The Multi-Tenant Challenge for AI Platforms

Building an agentic AI product for a single customer is hard. Building a platform that serves many customers — each with different agent configurations, data, compliance requirements, and usage patterns — is an order of magnitude harder.

Multi-tenancy for AI platforms introduces challenges beyond traditional SaaS because agent systems involve sensitive conversation data (tenant conversations must never leak across tenants), per-tenant customization (different tenants need different agent behaviors, tools, and knowledge bases), unpredictable resource consumption (one tenant's complex agent workflow can consume disproportionate LLM tokens), and compliance isolation (tenants in regulated industries may require complete data separation).

This guide covers the architectural decisions, isolation patterns, configuration management, and operational considerations for building multi-tenant agentic AI platforms. CallSphere's own multi-vertical platform — serving healthcare, real estate, and IT helpdesk customers — provides real-world context for these patterns.

Tenant Isolation Strategies

The fundamental architectural decision is how to isolate tenant data. Three models exist, each with different tradeoffs.

Database-Level Isolation

Each tenant gets their own database (or database schema). This provides the strongest isolation but highest operational overhead.

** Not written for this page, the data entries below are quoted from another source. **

(* Let $\omega_1,\dots,\omega_m$ be holomorphic $2$-forms on $\mathbb{H}^2$, continuous at the cusps $\mathbb{P}^1(K)$, and let $g:[0,2]^2\to\mathbb{H}^2\cup\mathbb{P}^1(K)$ be a membrane. Let $A\subset[0,1]^2$ be a diangle (a $2$-dimensional region homeomorphic to a disc, bounded by two arcs) with vertices $(0,0)$ and $(1,1)$, and let $B\subset[1,2]^2$ be a diangle with vertices $(1,1)$ and $(2,2)$; put $U=g(A)$, $V=g(B)$. Then (i) $\displaystyle\int_{g,U\cup V}\omega_1\cdots\omega_m=\sum_{j=0}^m\int_{g,U}\omega_1\cdots\omega_j\int_{g,V}\omega_{j+1}\cdots\omega_m$ (empty integrals being $1$); (ii) $J^a(g;A\cup B;\Omega)=J^a(g;A;\Omega)\,J^a(g;B;\Omega)$.
   Context: $K$ is a real quadratic field, $\mathbb{H}^2=\mathbb{H}\times\mathbb{H}$ with cusps $\mathbb{P}^1(K)$. A membrane on a square $[0,L]^2$ is a continuous piecewise differentiable map into $\mathbb{H}^2\cup\mathbb{P}^1(K)$ sending each coordinate line $\{t_1=a\}$, $\{t_2=a\}$ into a finite union of holomorphic curves. For a region $A$ in the square, the (type a, ordered) iterated integral over $U=g(A)$ is \[\int_{g,U}\omega_1\cdots\omega_m=\int_{D_A}\bigwedge_{j=1}^m g^*\omega_j(t_{1,j},t_{2,j}),\] where $D_A=\{(t_{1,1},\dots,t_{1,m},t_{2,1},\dots,t_{2,m}): t_{1,1}\le\dots\le t_{1,m},\ t_{2,1}\le\dots\le t_{2,m},\ (t_{1,j},t_{2,j})\in A\text{ for }j=1,\dots,m\}$ and $g^*\omega_j(x,y)$ is the pulled-back $2$-form in coordinates $(x,y)$. With $\Omega=(\omega_1,\dots,\omega_m)$ and non-commuting formal variables $X_1,\dots,X_m$, the type a generating series is \[J^a(g;A;\Omega)=1+\sum_{k\ge1}\sum_{c:\{1,\dots,k\}\to\{1,\dots,m\}}X_{c(1)}\cdots X_{c(k)}\int_{g,g(A)}\omega_{c(1)}\cdots\omega_{c(k)},\] an element of the ring of non-commutative formal power series $\mathbb{C}\langle\langle X_1,\dots,X_m\rangle\rangle$. *)

theory Defs
  imports "HOL-Analysis.Analysis" "HOL-Computational_Algebra.Squarefree"
begin

text \<open>A real quadratic field is Q(sqrt d) for a unique squarefree integer d > 1.
  Elements a + b sqrt d of K are represented by pairs of rationals (a,b).\<close>

definition real_quadratic_param :: "int \<Rightarrow> bool" where
  "real_quadratic_param d \<longleftrightarrow> d > 1 \<and> squarefree d"

definition emb1 :: "int \<Rightarrow> rat \<times> rat \<Rightarrow> real" where
  "emb1 d x = of_rat (fst x) + of_rat (snd x) * sqrt (of_int d)"

definition emb2 :: "int \<Rightarrow> rat \<times> rat \<Rightarrow> real" where
  "emb2 d x = of_rat (fst x) - of_rat (snd x) * sqrt (of_int d)"

datatype cusp = CInf | CFin "rat \<times> rat"

text \<open>Points of H^2 \<union> P^1(K); only the elements of hspace are meaningful.\<close>
datatype hpt = Inner complex complex | Cusp cusp

definition upper :: "complex set" where
  "upper = {z. Im z > 0}"

definition hspace :: "hpt set" where
  "hspace = {Inner z w |z w. z \<in> upper \<and> w \<in> upper} \<union> range Cusp"

fun horoball :: "int \<Rightarrow> cusp \<Rightarrow> real \<Rightarrow> hpt set" where
  "horoball d CInf C = {Inner z w |z w. z \<in> upper \<and> w \<in> upper \<and> Im z * Im w > C}"
| "horoball d (CFin a) C = {Inner z w |z w. z \<in> upper \<and> w \<in> upper \<and>
      (Im z / (cmod (z - of_real (emb1 d a)))\<^sup>2) * (Im w / (cmod (w - of_real (emb2 d a)))\<^sup>2) > C}"

definition satake_open :: "int \<Rightarrow> hpt set \<Rightarrow> bool" where
  "satake_open d U \<longleftrightarrow> U \<subseteq> hspace \<and> open {(z, w). Inner z w \<in> U} \<and>
     (\<forall>\<kappa>. Cusp \<kappa> \<in> U \<longrightarrow> (\<exists>C. horoball d \<kappa> C \<subseteq> U))"

definition satake_top :: "int \<Rightarrow> hpt topology" where
  "satake_top d = topology (satake_open d)"

text \<open>A holomorphic 2-form f(z1,z2) dz1 \<and> dz2 on H^2 is given by its coefficient f
  (holomorphic = continuous and separately holomorphic, Osgood).\<close>
definition holo_form :: "(complex \<Rightarrow> complex \<Rightarrow> complex) \<Rightarrow> bool" where
  "holo_form f \<longleftrightarrow> continuous_on (upper \<times> upper) (\<lambda>(z, w). f z w) \<and>
     (\<forall>w\<in>upper. (\<lambda>z. f z w) holomorphic_on upper) \<and>
     (\<forall>z\<in>upper. (\<lambda>w. f z w) holomorphic_on upper)"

class DatabasePerTenantManager:
    def __init__(self, admin_db_url: str):
        self.admin_engine = create_async_engine(admin_db_url)
        self.tenant_engines: dict[str, AsyncEngine] = {}

    async def get_tenant_engine(self, tenant_id: str) -> AsyncEngine:
        if tenant_id not in self.tenant_engines:
            # Look up tenant database URL from admin DB
            async with self.admin_engine.begin() as conn:
                result = await conn.execute(
                    text("SELECT db_url FROM tenants WHERE id = :id"),
                    {"id": tenant_id},
                )
                row = result.fetchone()
                if not row:
                    raise TenantNotFoundError(tenant_id)

                self.tenant_engines[tenant_id] = create_async_engine(
                    row.db_url,
                    pool_size=5,
                    max_overflow=10,
                )

        return self.tenant_engines[tenant_id]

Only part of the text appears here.